*** Block opens ***
lemma pi_btw_eq_projP:
  assumes rep: "rep_of P = (v, \<alpha>)" and P': "P' \<in> Pset geo m j'" and j': "j' < j"
    and W: "W \<in> Ost (j - j') (Suc m)" and Wv: "\<forall>i<j - j'. lin_eqs (Suc m) (m - j) v (\<lambda>_. 0) (W i)"
    and \<beta>: "\<forall>i\<ge>j - j'. \<beta> i = 0"
    and X: "subsphP m j' P' = {x \<in> Y. lin_eqs (Suc m) (j - j') W \<beta> x}"
    and sqn_P': "sqn (m - j') (snd (rep_of P')) = sqn (m - j) \<alpha> + sqn (j - j') \<beta>"
    and q: "inR (Suc m) q" and ok: "projP_ok m j P q" "pi_btw_ok geo m j j' P P' (projP m j P q)"
      "projP_ok m j' P' q"
  shows "pi_btw geo m j j' P P' (projP m j P q) = projP m j' P' q"
proof -
  define y where "y = proj m j (v, \<alpha>) q"
  have N: "vnorm (Suc m) (residual m (m - j) v q) \<noteq> 0"
    using ok(1) j' by (simp add: projP_ok_def proj_ok_def rep)
  have y: "projP m j P q = y" "y \<in> Y"
    using proj_in_Y[OF q N] by (simp_all add: projP_def rep y_def)
  have image: "gmap m j P ` subsphP m j' P' = g ` subsphP m j' P'"
    using gmap_eq[OF rep] X by (auto intro: image_cong)
  have "\<exists>P''\<in>Pset geo j j'. subsphP j j' P'' = gmap m j P ` subsphP m j' P'"
    using image_lin_eqs_Pset[OF W Wv \<beta> _ rep_of_in_Pset(2)[OF P'] sqn_P'] j' X image by simp
  then have P'': "image_class geo m j j' P P' \<in> Pset geo j j'"
      "subsphP j j' (image_class geo m j j' P P') = g ` subsphP m j' P'"
    using someI_ex[of "\<lambda>P''. P'' \<in> Pset geo j j' \<and> subsphP j j' P'' = gmap m j P ` subsphP m j' P'"]
    unfolding image_class_def image by auto
  have "pi_btw geo m j j' P P' y = g_inv (projP j j' (image_class geo m j j' P P') (g y))"
    by (simp add: pi_btw_def ginv_eq[OF rep] gmap_eq[OF rep y(2)])
  also have "\<dots> = projP m j' P' q"
    unfolding y_def
  proof (rule proj_commute[OF q N _ projP_unique_argmax[OF P' q ok(3)] P''])
    show "subsphP m j' P' \<subseteq> Y" using X by auto
    show "projP_ok j j' (image_class geo m j j' P P') (g (proj m j (v, \<alpha>) q))"
      using ok(2) y by (simp add: pi_btw_ok_def gmap_eq[OF rep] y_def[symmetric])
  qed
  finally show ?thesis using y(1) by simp
qed

end

section \<open>Nested subspheres\<close>

lemma children_lin_eqs:
  assumes P: "P \<in> Pset geo m l" and P': "P' \<in> Pset geo m (l - 1)" and C: "P' \<in> children geo m l P"
  obtains w b where "w \<in> Sph m" "lin_eqs (Suc m) (m - l) (fst (rep_of P)) (\<lambda>_. 0) w"
    and "\<And>x. lin_eqs (Suc m) (Suc (m - l)) (fst (rep_of P')) (snd (rep_of P')) x
      \<longleftrightarrow> lin_eqs (Suc m) (m - l) (fst (rep_of P)) (snd (rep_of P)) x \<and> dot (Suc m) w x = b"
    and "sqn (Suc (m - l)) (snd (rep_of P')) = sqn (m - l) (snd (rep_of P)) + b^2"
proof -
  obtain z w b where P'_eq: "P' = orbit (Suc (m - l)) ((fst z)(m - l := w), (snd z)(m - l := b))"
    and z: "z \<in> P" and w: "w \<in> Sph m" and wz: "lin_eqs (Suc m) (m - l) (fst z) (\<lambda>_. 0) w"
    using C by (auto simp: children_def)
  define z' where "z' = ((fst z)(m - l := w), (snd z)(m - l := b))"
  note zP = Pset_member[OF P z]
  have rep': "rep_of P' \<in> orbit (Suc (m - l)) z'"
    using rep_of_in_Pset(1)[OF P'] P'_eq by (simp add: z'_def)
  show thesis
  proof (rule that[OF w])
    show "lin_eqs (Suc m) (m - l) (fst (rep_of P)) (\<lambda>_. 0) w" using zP(4) wz by simp
  next
    fix x
    have "lin_eqs (Suc m) (Suc (m - l)) (fst (rep_of P')) (snd (rep_of P')) x
        \<longleftrightarrow> lin_eqs (Suc m) (Suc (m - l)) (fst z') (snd z') x"
      by (rule orbit_lin_eqs[OF rep'])
    also have "\<dots> \<longleftrightarrow> lin_eqs (Suc m) (m - l) (fst z) (snd z) x \<and> dot (Suc m) w x = b"
      unfolding z'_def fst_conv snd_conv by (rule lin_eqs_fun_upd)
    finally show "lin_eqs (Suc m) (Suc (m - l)) (fst (rep_of P')) (snd (rep_of P')) x
        \<longleftrightarrow> lin_eqs (Suc m) (m - l) (fst (rep_of P)) (snd (rep_of P)) x \<and> dot (Suc m) w x = b"
      using zP(2) by simp
  next
    have "\<forall>a\<ge>Suc (m - l). snd z' a = 0" using MsetD(2)[OF zP(1)] by (simp add: z'_def)
    then show "sqn (Suc (m - l)) (snd (rep_of P')) = sqn (m - l) (snd (rep_of P)) + b^2"
      using orbit_sqn[OF rep'] zP(3) by (simp add: z'_def sqn_fun_upd)
  qed
qed

lemma nested_lin_eqs:
  assumes P: "\<forall>l<m. p l \<in> Pset geo m l"
    and C: "\<forall>l. 1 \<le> l \<and> l \<le> m - 1 \<longrightarrow> p (l - 1) \<in> children geo m l (p l)"
    and j: "j \<le> m - 1" and rep: "rep_of (p j) = (v, \<alpha>)" and t: "t \<le> j"
  shows "\<exists>W \<beta>. W \<in> Ost t (Suc m) \<and> (\<forall>i<t. lin_eqs (Suc m) (m - j) v (\<lambda>_. 0) (W i))
    \<and> (\<forall>i\<ge>t. \<beta> i = 0)
    \<and> (\<forall>x. lin_eqs (Suc m) (m - (j - t)) (fst (rep_of (p (j - t)))) (snd (rep_of (p (j - t)))) x
          \<longleftrightarrow> lin_eqs (Suc m) (m - j) v \<alpha> x \<and> lin_eqs (Suc m) t W \<beta> x)
    \<and> sqn (m - (j - t)) (snd (rep_of (p (j - t)))) = sqn (m - j) \<alpha> + sqn t \<beta>"
  using t
proof (induction t)
  case 0
  have "(\<lambda>_ _. 0) \<in> Ost 0 (Suc m)" by (simp add: Ost_def)
  then show ?case
    using rep by (intro exI[of _ "\<lambda>_ _. 0"] exI[of _ "\<lambda>_. 0"]) (simp add: sqn_def)
next
  case (Suc t)
  define l where "l = j - t"
  have l: "1 \<le> l" "l \<le> m - 1" "j - Suc t = l - 1" "m - (l - 1) = Suc (m - l)"
    using Suc.prems j by (auto simp: l_def)
  obtain W \<beta> where W: "W \<in> Ost t (Suc m)" and Wv: "\<forall>i<t. lin_eqs (Suc m) (m - j) v (\<lambda>_. 0) (W i)"
    and \<beta>: "\<forall>i\<ge>t. \<beta> i = 0"
    and eqs: "\<And>x. lin_eqs (Suc m) (m - l) (fst (rep_of (p l))) (snd (rep_of (p l))) x
          \<longleftrightarrow> lin_eqs (Suc m) (m - j) v \<alpha> x \<and> lin_eqs (Suc m) t W \<beta> x"
    and sqn_l: "sqn (m - l) (snd (rep_of (p l))) = sqn (m - j) \<alpha> + sqn t \<beta>"
    using Suc by (auto simp: l_def)
  have "p l \<in> Pset geo m l" "p (l - 1) \<in> Pset geo m (l - 1)" "p (l - 1) \<in> children geo m l (p l)"
    using P C l by auto
  then obtain w b where w: "w \<in> Sph m"
    and w_perp: "lin_eqs (Suc m) (m - l) (fst (rep_of (p l))) (\<lambda>_. 0) w"
    and eqs': "\<And>x. lin_eqs (Suc m) (Suc (m - l)) (fst (rep_of (p (l - 1)))) (snd (rep_of (p (l - 1)))) x
      \<longleftrightarrow> lin_eqs (Suc m) (m - l) (fst (rep_of (p l))) (snd (rep_of (p l))) x \<and> dot (Suc m) w x = b"
    and sqn': "sqn (Suc (m - l)) (snd (rep_of (p (l - 1)))) = sqn (m - l) (snd (rep_of (p l))) + b^2"
    using children_lin_eqs by blast
  have "lin_eqs (Suc m) (m - l) (fst (rep_of (p l))) (snd (rep_of (p l)))
      (lin (fst (rep_of (p l))) (snd (rep_of (p l))) (m - l))"
    using Ost_dot_lin[OF MsetD(1)[OF rep_of_in_Pset(2)[OF \<open>p l \<in> Pset geo m l\<close>]]] by simp
  from lin_eqs_homogeneous_iff[OF eqs this] w_perp
  have wv: "lin_eqs (Suc m) (m - j) v (\<lambda>_. 0) w" and wW: "lin_eqs (Suc m) t W (\<lambda>_. 0) w"
    by auto
  show ?case
  proof (intro exI conjI)
    show "W(t := w) \<in> Ost (Suc t) (Suc m)"
      using Ost_fun_upd[OF W _ _ wW] w by (simp add: Sph_def)
    show "\<forall>i<Suc t. lin_eqs (Suc m) (m - j) v (\<lambda>_. 0) ((W(t := w)) i)"
      using Wv wv by (simp add: less_Suc_eq)
    show "\<forall>i\<ge>Suc t. (\<beta>(t := b)) i = 0" using \<beta> by simp
    show "\<forall>x. lin_eqs (Suc m) (m - (j - Suc t)) (fst (rep_of (p (j - Suc t))))
        (snd (rep_of (p (j - Suc t)))) x
      \<longleftrightarrow> lin_eqs (Suc m) (m - j) v \<alpha> x \<and> lin_eqs (Suc m) (Suc t) (W(t := w)) (\<beta>(t := b)) x"
      unfolding l(3,4) lin_eqs_fun_upd using eqs' eqs by blast
    show "sqn (m - (j - Suc t)) (snd (rep_of (p (j - Suc t))))
        = sqn (m - j) \<alpha> + sqn (Suc t) (\<beta>(t := b))"
      using sqn' sqn_l unfolding l(3,4) by (simp add: sqn_fun_upd)
  qed
qed

theorem proposition2p5:
  fixes geo :: bool and m j j' :: nat and p :: "nat \<Rightarrow> rep set" and q :: vec
  assumes "m \<ge> 2"
    and "\<forall>l<m. p l \<in> Pset geo m l"
    and "p (m - 1) \<in> children_top geo m"
    and "\<forall>l. 1 \<le> l \<and> l \<le> m - 1 \<longrightarrow> p (l - 1) \<in> children geo m l (p l)"
    and "j' < j" and "j \<le> m - 1"
    and "q \<in> Sph m"
    and "projP_ok m j (p j) q"
    and "pi_btw_ok geo m j j' (p j) (p j') (projP m j (p j) q)"
    and "projP_ok m j' (p j') q"
  shows "pi_btw geo m j j' (p j) (p j') (projP m j (p j) q) = projP m j' (p j') q"
proof -
  have j: "j' < j" "j \<le> m" and P: "p j \<in> Pset geo m j" "p j' \<in> Pset geo m j'"
    using assms(1,2,5,6) by auto
  obtain v \<alpha> where rep: "rep_of (p j) = (v, \<alpha>)" by fastforce
  note M = MsetD[OF rep_of_in_Pset(2)[OF P(1)], unfolded rep fst_conv snd_conv]
  interpret chart m j v \<alpha> using j M(1) M(4) by unfold_locales auto
  have "j - (j - j') = j'" using j by simp
  then obtain W \<beta> where W: "W \<in> Ost (j - j') (Suc m)"
    and Wv: "\<forall>i<j - j'. lin_eqs (Suc m) (m - j) v (\<lambda>_. 0) (W i)" and \<beta>: "\<forall>i\<ge>j - j'. \<beta> i = 0"
    and eqs: "\<forall>x. lin_eqs (Suc m) (m - j') (fst (rep_of (p j'))) (snd (rep_of (p j'))) x
      \<longleftrightarrow> lin_eqs (Suc m) (m - j) v \<alpha> x \<and> lin_eqs (Suc m) (j - j') W \<beta> x"
    and sqn_eq: "sqn (m - j') (snd (rep_of (p j'))) = sqn (m - j) \<alpha> + sqn (j - j') \<beta>"
    using nested_lin_eqs[OF assms(2,4,6) rep, of "j - j'"] by auto
  have "subsphP m j' (p j') = {x \<in> Y. lin_eqs (Suc m) (j - j') W \<beta> x}"
    using subsphP_eq[OF P(2)] eqs by (auto simp: Y_def)
  then show ?thesis
    using pi_btw_eq_projP[OF rep P(2) j(1) W Wv \<beta> _ sqn_eq] assms(7-10) by (simp add: Sph_def)
qed
(* For $1\le i\le k$ let $G_i$ be an $r_i$-regular graph with $n_i$ vertices that admits a balanced labelling. Suppose $r_i\le n_j$ for all $1\le i,j\le k$, and that $r=\sum_{i=1}^k r_i$ is coprime to $n_1n_2\cdots n_k$. Then $G_1\Box\cdots\Box G_k$ is $\mathbb{Z}_{n_1\cdots n_k}$-distance antimagic.
   Context: For an $r$-regular graph $G$ with $n$ vertices, a balanced labelling is a bijection $f:V(G)\to\mathbb{Z}_n$ such that $\sum_{y\in N(x)} f(y)\equiv r f(x)\pmod n$ for every vertex $x$ ($N(x)$ the open neighbourhood). The Cartesian product $G_1\Box\cdots\Box G_k$ has vertex set $V(G_1)\times\cdots\times V(G_k)$, with two tuples adjacent iff they differ in exactly one coordinate $i$ and are adjacent there in $G_i$. For a graph $G$ with $n$ vertices, a $\mathbb{Z}_n$-distance antimagic labelling is a bijection $f:V(G)\to\mathbb{Z}_n$ such that the weights $w_f(x)=\sum_{y\in N(x)} f(y)$ (mod $n$) are pairwise distinct; $G$ is $\mathbb{Z}_n$-distance antimagic if such a labelling exists. *)

theory Defs
  imports Main "HOL-Library.FuncSet"
begin

definition simple_graph :: "'a set \<Rightarrow> ('a \<Rightarrow> 'a \<Rightarrow> bool) \<Rightarrow> bool" where
  "simple_graph V E \<longleftrightarrow> finite V \<and> V \<noteq> {} \<and>
     (\<forall>x y. E x y \<longrightarrow> x \<in> V \<and> y \<in> V) \<and>
     (\<forall>x y. E x y \<longrightarrow> E y x) \<and> (\<forall>x. \<not> E x x)"

definition nbhd :: "'a set \<Rightarrow> ('a \<Rightarrow> 'a \<Rightarrow> bool) \<Rightarrow> 'a \<Rightarrow> 'a set" where
  "nbhd V E x = {y \<in> V. E x y}"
*** Block closes ***
**Problem statement**
Look above for the line holding "using subsphP_eq[OF P(2)]" and the line holding "(* For $1\le". Retype both, and every line between them, word for word and nothing else.

**Answer space**
    using subsphP_eq[OF P(2)] eqs by (auto simp: Y_def)
  then show ?thesis
    using pi_btw_eq_projP[OF rep P(2) j(1) W Wv \<beta> _ sqn_eq] assms(7-10) by (simp add: Sph_def)
qed
(* For $1\le i\le k$ let $G_i$ be an $r_i$-regular graph with $n_i$ vertices that admits a balanced labelling. Suppose $r_i\le n_j$ for all $1\le i,j\le k$, and that $r=\sum_{i=1}^k r_i$ is coprime to $n_1n_2\cdots n_k$. Then $G_1\Box\cdots\Box G_k$ is $\mathbb{Z}_{n_1\cdots n_k}$-distance antimagic.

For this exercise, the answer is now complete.